WORK INSTRUCTIONS | Return verbatim the line containing "using Q_mult Q_one Q_carrier by simp" together with all lines that follow it, through the end of the records.

[GIVEN DATA Boundary: Start]

lemma crossed_mult_inverse_eq:
  assumes s: "(e, x) \<in> S" and t: "(g, y) \<in> S" and xy: "x \<otimes>\<^bsub>G\<^esub> y = \<one>\<^bsub>G\<^esub>"
    and eq: "Sm (Sm (e, x) (g, y)) (e, x) = (e, x)"
  shows "m e (\<theta> x g) = e"
proof -
  have x: "x \<in> carrier G" and e: "e \<in> D x" "m e e = e" and y: "y \<in> carrier G"
    and g: "g \<in> D y" using s t crossed_mem by auto
  have yx: "y = inv\<^bsub>G\<^esub> x" using xy x y by (metis G.inv_comm G.inv_equality)
  have eA: "e \<in> A" using D_elem x e by blast
  have tgA: "\<theta> x g \<in> A" using D_elem x theta_in yx g by blast
  have "Sm (e, x) (g, y) = (m e (\<theta> x g), \<one>\<^bsub>G\<^esub>)"
    using crossed_mult_simp theta_hom[OF x theta_inv_in[OF x e(1)]] g yx xy
      theta_theta_inv[OF x e(1)] by simp
  then have "m (m e (\<theta> x g)) e = e"
    using eq crossed_mult_one[OF mult_closed[OF eA tgA] x e(1)] by simp
  then show ?thesis
    using idem_commute[OF eA e(2)] mult_assoc eA tgA e(2) by metis
qed

lemma crossed_sinv:
  assumes s: "(e, x) \<in> S"
  shows "sinv S Sm (e, x) = (ti x e, inv\<^bsub>G\<^esub> x)"
  unfolding sinv_def
proof (rule the_equality)
  have x: "x \<in> carrier G" and e: "e \<in> D x" "m e e = e" using s crossed_mem by auto
  let ?u = "ti x e"
  have ix: "inv\<^bsub>G\<^esub> x \<in> carrier G" using x by simp
  have u: "?u \<in> D (inv\<^bsub>G\<^esub> x)" "m ?u ?u = ?u" "\<theta> x ?u = e"
    using theta_inv_in theta_inv_idem_idem theta_theta_inv x e by auto
  have eA: "e \<in> A" and uA: "?u \<in> A" using D_elem x ix e u by auto
  have "Sm (e, x) (?u, inv\<^bsub>G\<^esub> x) = (e, \<one>\<^bsub>G\<^esub>)"
    using crossed_mult_simp u x by simp
  moreover have "Sm (?u, inv\<^bsub>G\<^esub> x) (e, x) = (?u, \<one>\<^bsub>G\<^esub>)"
    using crossed_mult_simp x theta_inv_inv_theta_inv_idem[OF x e] e theta_inv_idem[OF x e] by simp
  moreover have "(?u, inv\<^bsub>G\<^esub> x) \<in> S" using crossed_mem ix u by simp
  ultimately show "(?u, inv\<^bsub>G\<^esub> x) \<in> S \<and> Sm (Sm (e, x) (?u, inv\<^bsub>G\<^esub> x)) (e, x) = (e, x) \<and>
      Sm (Sm (?u, inv\<^bsub>G\<^esub> x) (e, x)) (?u, inv\<^bsub>G\<^esub> x) = (?u, inv\<^bsub>G\<^esub> x)"
    using crossed_mult_one[OF eA x e(1)] crossed_mult_one[OF uA ix u(1)] e u by simp
next
  fix b assume b: "b \<in> S \<and> Sm (Sm (e, x) b) (e, x) = (e, x) \<and> Sm (Sm b (e, x)) b = b"
  have x: "x \<in> carrier G" and e: "e \<in> D x" "m e e = e" using s crossed_mem by auto
  have ix: "inv\<^bsub>G\<^esub> x \<in> carrier G" using x by simp
  obtain g y where b_def: "b = (g, y)" by (cases b)
  have y: "y \<in> carrier G" and g: "g \<in> D y" "m g g = g" using b b_def crossed_mem by auto
  have "x \<otimes>\<^bsub>G\<^esub> y \<otimes>\<^bsub>G\<^esub> x = x" using b b_def crossed_mult_simp by simp
  then have yx: "y = inv\<^bsub>G\<^esub> x" using x y
    by (metis G.inv_equality G.l_cancel_one' G.m_assoc G.m_closed)
  have gD: "g \<in> D (inv\<^bsub>G\<^esub> x)" using g yx by simp
  have uD: "ti x e \<in> D (inv\<^bsub>G\<^esub> x)" using theta_inv_in[OF x e(1)] .
  have gA: "g \<in> A" and uA: "ti x e \<in> A" using D_elem ix gD uD by auto
  have bS: "(g, inv\<^bsub>G\<^esub> x) \<in> S" using b b_def yx by simp
  have "m e (\<theta> x g) = e"
    using crossed_mult_inverse_eq[OF s bS G.r_inv[OF x]] b b_def yx by simp
  then have "\<theta> x (m (ti x e) g) = \<theta> x (ti x e)"
    using theta_hom[OF x uD gD] theta_theta_inv[OF x e(1)] by simp
  then have "m (ti x e) g = ti x e"
    using theta_inj[OF x] D_mult_right[OF ix gA uD] uD by (meson inj_onD)
  moreover have "m g (\<theta> (inv\<^bsub>G\<^esub> x) e) = g"
    using crossed_mult_inverse_eq[OF bS s G.l_inv[OF x]] b b_def yx by simp
  then have "m g (ti x e) = g" using theta_inv_idem[OF x e] by simp
  ultimately show "b = (ti x e, inv\<^bsub>G\<^esub> x)"
    using b_def yx idem_commute[OF gA g(2) uA] by simp
qed

lemma crossed_mult_sinv: "(e, x) \<in> S \<Longrightarrow> Sm (e, x) (sinv S Sm (e, x)) = (e, \<one>\<^bsub>G\<^esub>)"
  using crossed_sinv crossed_mult_simp crossed_mem theta_theta_inv theta_inv_idem_idem by simp

lemma crossed_sinv_mult: "(e, x) \<in> S \<Longrightarrow> Sm (sinv S Sm (e, x)) (e, x) = (ti x e, \<one>\<^bsub>G\<^esub>)"
  using crossed_sinv crossed_mult_simp crossed_mem theta_inv_inv_theta_inv_idem theta_inv_idem
  by simp

subsection \<open>The maximum group image\<close>

definition fibre :: "'g \<Rightarrow> ('a \<times> 'g) set" where
  "fibre x = {s \<in> S. snd s = x}"

definition same_degree :: "(('a \<times> 'g) \<times> ('a \<times> 'g)) set" where
  "same_degree = {(s, t). s \<in> S \<and> t \<in> S \<and> snd s = snd t}"

abbreviation "Q \<equiv> quot_monoid S Sm same_degree"

lemma same_degree_class: "s \<in> S \<Longrightarrow> same_degree `` {s} = fibre (snd s)"
  unfolding same_degree_def fibre_def by auto

lemma fibre_eq_class: "x \<in> carrier G \<Longrightarrow> \<exists>s\<in>S. snd s = x \<and> fibre x = same_degree `` {s}"
  using D_nonempty mult_sinv_crossed_mem same_degree_class by fastforce

lemma same_degree_congruence: "sg_congruence S Sm same_degree"
  unfolding sg_congruence_def equiv_def refl_on_def sym_def trans_def same_degree_def
  by (auto simp: snd_crossed_mult intro!: crossed_mult_closed)

lemma Q_carrier: "carrier Q = fibre ` carrier G"
proof -
  have "S // same_degree = fibre ` carrier G"
    unfolding quotient_def using same_degree_class snd_crossed_mem fibre_eq_class by fastforce
  then show ?thesis unfolding quot_monoid_def by simp
qed

lemma Q_mult: "x \<in> carrier G \<Longrightarrow> y \<in> carrier G \<Longrightarrow> fibre x \<otimes>\<^bsub>Q\<^esub> fibre y = fibre (x \<otimes>\<^bsub>G\<^esub> y)"
  using fibre_eq_class quot_monoid_mult_class[OF same_degree_congruence]
    same_degree_class crossed_mult_closed snd_crossed_mult
  by (metis prod.collapse)

lemma snd_crossed_idem: "s \<in> S \<Longrightarrow> Sm s s = s \<Longrightarrow> snd s = \<one>\<^bsub>G\<^esub>"
  using snd_crossed_mult snd_crossed_mem by (metis G.l_cancel_one' G.m_closed)

lemma Q_one: "\<one>\<^bsub>Q\<^esub> = fibre \<one>\<^bsub>G\<^esub>"
proof -
  obtain a where a: "a \<in> A" using D_nonempty[of "\<one>\<^bsub>G\<^esub>"] D_one by auto
  let ?e = "m a (sinv A m a)"
  have eS: "(?e, \<one>\<^bsub>G\<^esub>) \<in> S" using mult_sinv_crossed_mem[of "\<one>\<^bsub>G\<^esub>" a] a D_one by simp
  then have "Sm (?e, \<one>\<^bsub>G\<^esub>) (?e, \<one>\<^bsub>G\<^esub>) = (?e, \<one>\<^bsub>G\<^esub>)"
    using crossed_mult_one crossed_mem D_one by simp
  then have "(?e, \<one>\<^bsub>G\<^esub>) \<in> idems S Sm" using eS unfolding idems_def by simp
  then have "(SOME e. e \<in> idems S Sm) \<in> idems S Sm" by (rule someI)
  then show ?thesis
    unfolding quot_monoid_def idems_def using same_degree_class snd_crossed_idem by simp
qed

lemma fibre_inj: "inj_on fibre (carrier G)"
proof (rule inj_onI)
  fix x y assume x: "x \<in> carrier G" and "fibre x = fibre y"
  obtain s where "s \<in> fibre x" using fibre_eq_class[OF x] unfolding fibre_def by blast
  then show "x = y" using \<open>fibre x = fibre y\<close> unfolding fibre_def by auto
qed

lemma Q_group: "group Q"
proof (rule groupI)
  show "\<one>\<^bsub>Q\<^esub> \<in> carrier Q" using Q_one Q_carrier by simp
next
  fix X Y assume "X \<in> carrier Q" "Y \<in> carrier Q"
  then show "X \<otimes>\<^bsub>Q\<^esub> Y \<in> carrier Q" using Q_carrier Q_mult by auto
next
  fix X Y Z assume "X \<in> carrier Q" "Y \<in> carrier Q" "Z \<in> carrier Q"
  then show "X \<otimes>\<^bsub>Q\<^esub> Y \<otimes>\<^bsub>Q\<^esub> Z = X \<otimes>\<^bsub>Q\<^esub> (Y \<otimes>\<^bsub>Q\<^esub> Z)"
    using Q_carrier Q_mult G.m_assoc by auto
next
  fix X assume "X \<in> carrier Q"
  then show "\<one>\<^bsub>Q\<^esub> \<otimes>\<^bsub>Q\<^esub> X = X" using Q_carrier Q_mult Q_one by auto
next
  fix X assume "X \<in> carrier Q"
  then obtain x where x: "x \<in> carrier G" "X = fibre x" using Q_carrier by auto
  then have "fibre (inv\<^bsub>G\<^esub> x) \<in> carrier Q \<and> fibre (inv\<^bsub>G\<^esub> x) \<otimes>\<^bsub>Q\<^esub> X = \<one>\<^bsub>Q\<^esub>"
    using Q_mult Q_one Q_carrier by simp
  then show "\<exists>Y\<in>carrier Q. Y \<otimes>\<^bsub>Q\<^esub> X = \<one>\<^bsub>Q\<^esub>" by blast
qed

[GIVEN DATA Boundary: End]

ANSWER TO THIS TASK |
    using Q_mult Q_one Q_carrier by simp
  then show "\<exists>Y\<in>carrier Q. Y \<otimes>\<^bsub>Q\<^esub> X = \<one>\<^bsub>Q\<^esub>" by blast
qed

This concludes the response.